Вложенные файлы: 12 файлов

иБ-14.doc

— 149.50 Кб (Скачать файл)

Если сканер не находит уязвимостей на тестируемом узле это не значит, что их нет. Просто это зависит не только от сканера, но и от его окружения. Например, для ОС Windows характерен такой случай: сканер пытается дистанционно проанализировать системный реестр, однако в случае запрета на анализируемом узле удаленного доступа к реестру, сканер никаких уязвимостей не обнаружит. Различные реализации одного итого же сервиса по-разному реагируют на системы анализа защищенности. Очень часто на практике можно увидеть, что сканер показывает уязвимости, которых на анализируемом узле нет. Это относится к сетевым сканерам, которые проводят дистанционный анализ узлов сети. Удаленно определить, существует ли в действительности уязвимость или нет, практически невозможно. В этом случае можно порекомендовать использовать систему анализа защищенности на уровне операционной системы, агенты которой устанавливаются на каждый контролируемый узел и проводят все проверки локально.

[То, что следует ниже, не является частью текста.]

lemmas supercomm_refl = congr_refl[where S = "supercomm_rels par d" for par d, folded supercomm_ideal_eq]
lemmas supercomm_sym = congr_sym[where S = "supercomm_rels par d" for par d, folded supercomm_ideal_eq]
lemmas supercomm_trans = congr_trans[where S = "supercomm_rels par d" for par d, folded supercomm_ideal_eq]
lemmas supercomm_smult = congr_smult[where S = "supercomm_rels par d" for par d, folded supercomm_ideal_eq]
lemmas supercomm_lmul = congr_lmul[where S = "supercomm_rels par d" for par d, folded supercomm_ideal_eq]
lemmas supercomm_sum = congr_sum[where S = "supercomm_rels par d" for par d, folded supercomm_ideal_eq]
lemmas supercomm_members =
  congr_ideal_members[where S = "supercomm_rels par d" for par d, folded supercomm_ideal_eq]

text \<open>\<open>perm_word N \<sigma> t\<close> moves the letter at position \<open>i\<close> of \<open>t\<close> to position
  \<open>\<sigma> i\<close>; this is the reordering performed by \<open>c_\<sigma>\<close> on basis tensors.\<close>

definition perm_word :: "nat \<Rightarrow> (nat \<Rightarrow> nat) \<Rightarrow> 'a list \<Rightarrow> 'a list" where
  "perm_word N \<sigma> t = map (\<lambda>m. t ! inv \<sigma> m) [0..<N]"

abbreviation perms :: "nat \<Rightarrow> (nat \<Rightarrow> nat) set" where
  "perms N \<equiv> {\<sigma>. \<sigma> permutes {..<N}}"

lemma finite_perms: "finite (perms N)"
  by (rule finite_permutations) simp

lemma perm_word_nth: "k < N \<Longrightarrow> perm_word N \<sigma> t ! k = t ! inv \<sigma> k"
  by (simp add: perm_word_def)

lemma length_perm_word [simp]: "length (perm_word N \<sigma> t) = N"
  by (simp add: perm_word_def)

lemma perm_word_permute_list: "length t = N \<Longrightarrow> perm_word N \<sigma> t = permute_list (inv \<sigma>) t"
  by (simp add: perm_word_def permute_list_def)

lemma mset_perm_word:
  "\<sigma> permutes {..<N} \<Longrightarrow> length t = N \<Longrightarrow> mset (perm_word N \<sigma> t) = mset t"
  by (simp add: perm_word_permute_list permutes_inv)

lemma set_perm_word:
  "\<sigma> permutes {..<N} \<Longrightarrow> length t = N \<Longrightarrow> set (perm_word N \<sigma> t) = set t"
  by (metis mset_perm_word set_mset_mset)

lemma perm_word_zip:
  assumes p: "\<sigma> permutes {..<N}" and "length w = N" "length u = N"
  shows "perm_word N \<sigma> (zip w u) = zip (perm_word N \<sigma> w) (perm_word N \<sigma> u)"
proof (rule nth_equalityI)
  fix k assume "k < length (perm_word N \<sigma> (zip w u))"
  moreover have "k < N \<Longrightarrow> inv \<sigma> k < N"
    using permutes_in_image[OF permutes_inv[OF p]] by auto
  ultimately show "perm_word N \<sigma> (zip w u) ! k = zip (perm_word N \<sigma> w) (perm_word N \<sigma> u) ! k"
    using assms by (simp add: perm_word_nth)
qed simp

lemma perm_word_inv_perm:
  assumes p: "\<sigma> permutes {..<N}" and len: "length w = N"
  shows "perm_word N (inv \<sigma>) (perm_word N \<sigma> w) = w"
proof (rule nth_equalityI)
  fix k assume "k < length (perm_word N (inv \<sigma>) (perm_word N \<sigma> w))"
  then have "k < N" "\<sigma> k < N" using permutes_in_image[OF p] by auto
  then show "perm_word N (inv \<sigma>) (perm_word N \<sigma> w) ! k = w ! k"
    using p by (simp add: perm_word_nth inv_inv_eq permutes_bij permutes_inverses(2))
qed (simp add: len)

lemma perm_word_perm_inv:
  "\<sigma> permutes {..<N} \<Longrightarrow> length w = N \<Longrightarrow> perm_word N \<sigma> (perm_word N (inv \<sigma>) w) = w"
  using perm_word_inv_perm[OF permutes_inv] by (simp add: inv_inv_eq permutes_bij)

lemma finite_words: "finite (words d N)"
  using finite_lists_length_eq[of "{..<d}" N] unfolding words_def by (simp add: conj_commute)

lemma perm_word_words: "\<sigma> permutes {..<N} \<Longrightarrow> w \<in> words d N \<Longrightarrow> perm_word N \<sigma> w \<in> words d N"
  unfolding words_def using set_perm_word by fastforce

lemma rev_words: "w \<in> words d N \<Longrightarrow> rev w \<in> words d N"
  unfolding words_def by auto

text \<open>Number of inversions of \<open>\<sigma>\<close> between positions of \<open>t\<close> carrying a letter with
  property \<open>Q\<close>; for \<open>Q\<close> = odd this is the exponent of the Koszul sign.\<close>

definition inv_count :: "('a \<Rightarrow> bool) \<Rightarrow> nat \<Rightarrow> (nat \<Rightarrow> nat) \<Rightarrow> 'a list \<Rightarrow> nat" where
  "inv_count Q N \<sigma> t = card {(i,j). i < j \<and> j < N \<and> \<sigma> j < \<sigma> i \<and> Q (t ! i) \<and> Q (t ! j)}"

lemma inv_sign_eq_inv_count: "inv_sign par N \<sigma> u = inv_count par N \<sigma> u"
  by (simp add: inv_sign_def inv_count_def)

definition index_pairs :: "nat \<Rightarrow> (nat \<times> nat) set" where
  "index_pairs N = {(i,j). i < j \<and> j < N}"

lemma finite_index_pairs: "finite (index_pairs N)"
  unfolding index_pairs_def by (rule finite_subset[of _ "{..<N} \<times> {..<N}"]) auto

lemma finite_pairs: "finite {(i,j). i < j \<and> j < (N::nat) \<and> Q i j}"
  by (rule finite_subset[OF _ finite_index_pairs[of N]]) (auto simp: index_pairs_def)

text \<open>Counting pairs as a sum of indicators over all index pairs; parity
  statements about such counts then reduce to a check for each single pair.\<close>

lemma card_pairs_sum:
  "card {(i,j). i < j \<and> j < N \<and> Q i j} = (\<Sum>(i,j)\<in>index_pairs N. if Q i j then 1 else 0)"
proof -
  have "{(i,j). i < j \<and> j < N \<and> Q i j} = {p \<in> index_pairs N. case_prod Q p}"
    unfolding index_pairs_def by auto
  then have "card {(i,j). i < j \<and> j < N \<and> Q i j} = (\<Sum>p\<in>{p \<in> index_pairs N. case_prod Q p}. 1)"
    by simp
  also have "\<dots> = (\<Sum>p\<in>index_pairs N. if case_prod Q p then 1 else 0)"
    by (rule sum.inter_filter[OF finite_index_pairs])
  finally show ?thesis by (simp add: case_prod_unfold)
qed

text \<open>Counting pairs after relabelling positions by \<open>\<sigma>\<close>: a pair of positions is
  met in the same or in the opposite order.\<close>

lemma card_pairs_permuted:
  assumes p: "\<sigma> permutes {..<N}"
  shows "card {(k,l). k < l \<and> l < N \<and> Q (inv \<sigma> k) (inv \<sigma> l)} =
     (\<Sum>(i,j)\<in>index_pairs N. (if \<sigma> i < \<sigma> j \<and> Q i j then 1 else 0)
                             + (if \<sigma> j < \<sigma> i \<and> Q j i then 1 else 0))"
proof -
  let ?A = "{(i,j). i < N \<and> j < N \<and> \<sigma> i < \<sigma> j \<and> Q i j}"
  let ?E1 = "{(i,j). i < j \<and> j < N \<and> \<sigma> i < \<sigma> j \<and> Q i j}"
  let ?E2 = "{(i,j). i < j \<and> j < N \<and> \<sigma> j < \<sigma> i \<and> Q j i}"
  have inN: "\<sigma> x < N \<longleftrightarrow> x < N" "inv \<sigma> x < N \<longleftrightarrow> x < N" for x
    using permutes_in_image[OF p, of x] permutes_in_image[OF permutes_inv[OF p], of x] by auto
  have "bij_betw (map_prod \<sigma> \<sigma>) ?A {(k,l). k < l \<and> l < N \<and> Q (inv \<sigma> k) (inv \<sigma> l)}"
    by (rule bij_betw_byWitness[where f'="map_prod (inv \<sigma>) (inv \<sigma>)"])
       (auto simp: permutes_inverses[OF p] inN)
  then have "card {(k,l). k < l \<and> l < N \<and> Q (inv \<sigma> k) (inv \<sigma> l)} = card ?A"
    by (simp add: bij_betw_same_card)
  also have "?A = ?E1 \<union> prod.swap ` ?E2"
    by (auto simp: image_iff) (metis linorder_neqE_nat less_irrefl)
  also have "card (?E1 \<union> prod.swap ` ?E2) = card ?E1 + card ?E2"
    by (subst card_Un_disjoint) (auto simp: finite_pairs card_image)
  also have "\<dots> = (\<Sum>(i,j)\<in>index_pairs N. (if \<sigma> i < \<sigma> j \<and> Q i j then 1 else 0)
                                     + (if \<sigma> j < \<sigma> i \<and> Q j i then 1 else 0))"
    unfolding card_pairs_sum[of N "\<lambda>i j. \<sigma> i < \<sigma> j \<and> Q i j"]
      card_pairs_sum[of N "\<lambda>i j. \<sigma> j < \<sigma> i \<and> Q j i"]
    by (simp add: sum.distrib[symmetric] case_prod_unfold)
  finally show ?thesis .
qed

lemma card_pairs_Suc:
  "card {(i,j). i < j \<and> j < Suc n \<and> Q i j} =
     card {j. j < n \<and> Q 0 (Suc j)} + card {(i,j). i < j \<and> j < n \<and> Q (Suc i) (Suc j)}"
proof -
  let ?A = "{j. j < n \<and> Q 0 (Suc j)}" and ?B = "{(i,j). i < j \<and> j < n \<and> Q (Suc i) (Suc j)}"
  have "{(i,j). i < j \<and> j < Suc n \<and> Q i j} = Pair 0 ` Suc ` ?A \<union> map_prod Suc Suc ` ?B"
    by (auto simp: image_iff gr0_conv_Suc less_Suc_eq_0_disj)
  moreover have "card (Pair 0 ` Suc ` ?A \<union> map_prod Suc Suc ` ?B) = card ?A + card ?B"
    by (subst card_Un_disjoint) (auto simp: finite_pairs card_image inj_on_def)
  ultimately show ?thesis by simp
qed

text \<open>The order-reversing permutation of positions and conjugation by it; the
  pairing between \<open>(V^*)^{\<otimes>N}\<close> and \<open>V^{\<otimes>N}\<close> reverses tensor factors.\<close>

definition rev_index :: "nat \<Rightarrow> nat \<Rightarrow> nat" where
  "rev_index N i = (if i < N then N - 1 - i else i)"

definition rev_conj :: "nat \<Rightarrow> (nat \<Rightarrow> nat) \<Rightarrow> nat \<Rightarrow> nat" where
  "rev_conj N \<sigma> = rev_index N \<circ> \<sigma> \<circ> rev_index N"

lemma rev_index_rev_index [simp]: "rev_index N (rev_index N i) = i"
  by (simp add: rev_index_def)

lemma rev_index_lt: "i < N \<Longrightarrow> rev_index N i < N"
  by (simp add: rev_index_def)

lemma rev_index_less_iff: "a < N \<Longrightarrow> b < N \<Longrightarrow> rev_index N a < rev_index N b \<longleftrightarrow> b < a"
  by (auto simp: rev_index_def)

lemma rev_index_permutes: "rev_index N permutes {..<N}"
  unfolding permutes_def
proof (intro conjI allI impI)
  fix x assume "x \<notin> {..<N}" then show "rev_index N x = x" by (simp add: rev_index_def)
next
  fix y show "\<exists>!x. rev_index N x = y"
    by (rule ex1I[of _ "rev_index N y"]) (simp, metis rev_index_rev_index)
qed

lemma rev_conj_permutes: "\<sigma> permutes {..<N} \<Longrightarrow> rev_conj N \<sigma> permutes {..<N}"
  unfolding rev_conj_def by (intro permutes_compose rev_index_permutes) auto

lemma rev_conj_rev_conj: "rev_conj N (rev_conj N \<sigma>) = \<sigma>"
  unfolding rev_conj_def by (rule ext) simp

lemma sign_rev_conj:
  assumes p: "\<sigma> permutes {..<N}" shows "sign (rev_conj N \<sigma>) = sign \<sigma>"
proof -
  have pr: "permutation (rev_index N)" and ps: "permutation \<sigma>"
    using rev_index_permutes p permutation_permutes by blast+
  have "sign (rev_conj N \<sigma>) = sign (rev_index N) * sign \<sigma> * sign (rev_index N)"
    unfolding rev_conj_def using pr ps by (simp add: sign_compose permutation_compose)
  then show ?thesis by (metis mult.commute mult.left_commute sign_idempotent mult_1_right)
qed
(* Let $G$ be a finite abelian group, $k\ge d+1\ge2$ integers, and let $V_0=\{(0,1),\dots,(0,k)\}$ and $I=\{\iota_1,\dots,\iota_{d+1}\}$ be disjoint index sets. For $\omega\in\{0,1\}^{d+1}\setminus\{0\}$ let $\phi_\omega:G^{V_0\cup I}\to G$ be the linear form $$\phi_\omega(\mathbf{x})=\sum_{i=1}^{d+1}\big((1-\omega_i)x_{(0,i)}+\omega_i x_{\iota_i}\big)+\sum_{i=d+2}^{k}x_{(0,i)},$$ and let $\Phi_1=\{\phi_\omega:\omega\in\{0,1\}^{d+1}\setminus\{0\}\}$. Then for every $f:G\to[-1,1]$, $$\|f\|_{\square(\Phi_1)}\ge\|f\|_{U^{d+1}}^{2^{d+1}}.$$
   Context: For a linear system $\Phi$ of linear forms $G^{W}\to G$ with $0/1$ coefficients (each determined by its support $\mathrm{supp}(\phi)\subseteq W$ via $\phi(\mathbf{x})=\sum_{v\in\mathrm{supp}(\phi)}x_v$), let $V(\Phi)=V_0\cup\bigcup_{\phi\in\Phi}\mathrm{supp}(\phi)$ and define, for $f:G\to\mathbb{R}$, $$\|f\|_{\square(\Phi)}=\max_{u_\phi:G\to[-1,1]\ (\phi\in\Phi)}\mathbb{E}_{\mathbf{x}\in G^{V(\Phi)}}\Big[f\Big(\sum_{v\in V_0}x_v\Big)\prod_{\phi\in\Phi}u_\phi(\phi(\mathbf{x}))\Big].$$ $\|f\|_{U^{m}}=\big(\mathbb{E}_{x,h_1,\dots,h_m\in G}\prod_{\omega\in\{0,1\}^m}f(x+\sum_i\omega_ih_i)\big)^{1/2^m}$. *)

theory Defs
  imports Complex_Main "HOL-Library.FuncSet"
begin

definition avg :: "'b set \<Rightarrow> ('b \<Rightarrow> real) \<Rightarrow> real" where
  "avg A g = (\<Sum>a\<in>A. g a) / real (card A)"
(* Let $Q$ be a convex polygon with finitely many sides and perimeter $L$. Parametrize its boundary by arc length $s$, let $P(s)$ be the boundary point at parameter $s$ and $P'(s)=P(s+L/2)$ its antipodal point, and let $\alpha(s)$ be the area of the part of $Q$ to the left of the directed line $P(s)P'(s)$ minus the area of the part to its right. Then the set of zeros of $\alpha$ (in one period of $s$) is a finite union of points and closed intervals. *)

theory Defs
  imports "HOL-Analysis.Analysis"
begin

text \<open>Planar points are vectors in real^2.  cross u w is the z-component of
the cross product; cross u w > 0 means w lies strictly to the left of u.\<close>
definition cross :: "real^2 \<Rightarrow> real^2 \<Rightarrow> real" where
  "cross u w = u$1 * w$2 - u$2 * w$1"

text \<open>A convex polygon is given by its list of vertices, listed
counterclockwise, in strictly convex position (every other vertex lies
strictly to the left of each directed edge).\<close>
definition vtx :: "(real^2) list \<Rightarrow> nat \<Rightarrow> real^2" where
  "vtx vs i = vs ! (i mod length vs)"

definition convex_polygon_vertices :: "(real^2) list \<Rightarrow> bool" where
  "convex_polygon_vertices vs \<longleftrightarrow> length vs \<ge> 3 \<and>
     (\<forall>i < length vs. \<forall>j < length vs. j \<noteq> i \<and> j \<noteq> Suc i mod length vs \<longrightarrow>
        cross (vtx vs (Suc i) - vtx vs i) (vtx vs j - vtx vs i) > 0)"

definition polygon :: "(real^2) list \<Rightarrow> (real^2) set" where
  "polygon vs = convex hull (set vs)"

definition edge_len :: "(real^2) list \<Rightarrow> nat \<Rightarrow> real" where
  "edge_len vs i = norm (vtx vs (Suc i) - vtx vs i)"

definition cum_len :: "(real^2) list \<Rightarrow> nat \<Rightarrow> real" where
  "cum_len vs k = (\<Sum>i<k. edge_len vs i)"

definition perimeter :: "(real^2) list \<Rightarrow> real" where
  "perimeter vs = cum_len vs (length vs)"

text \<open>Arc-length parametrization of the boundary, starting at vertex 0,
counterclockwise, extended L-periodically to all of the reals.\<close>
definition bdry_point :: "(real^2) list \<Rightarrow> real \<Rightarrow> real^2" where
  "bdry_point vs s =
     (let L = perimeter vs;
          t = s - L * of_int \<lfloor>s / L\<rfloor>;
          k = (GREATEST k. k < length vs \<and> cum_len vs k \<le> t)
      in vtx vs k + ((t - cum_len vs k) / edge_len vs k) *\<^sub>R (vtx vs (Suc k) - vtx vs k))"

Для решения этой проблемы некоторые  компании-производители пошли по пути предоставления своим пользователям нескольких систем анализа защищенности, работающих на всех указанных выше уровнях, - сетевом, системном и уровне приложений. Совокупность этих систем позволяет с высокой степенью эффективности обнаружить практически все известные уязвимости. Например, компания Internet Security Systems предлагает семейство SAFEsuite, состоящее из четырех сканеров: Internet Scanner, System Scanner, Security Manager и Database Scanner.

Компания Cisco, предлагающая только систему анализа защищенности на уровне сети пошла другим путем для устранения проблемы ложного срабатывания. Она делит все уязвимости на два класса:

  • Потенциальные - вытекающие из проверок заголовков и т.н. активных "подталкиваний" (nudge) анализируемого сервиса или узла. Потенциальная уязвимость возможно существует в системе, но активные зондирующие проверки не подтверждают этого.
  • Подтвержденные - выявленные и существующие на анализируемом хосте.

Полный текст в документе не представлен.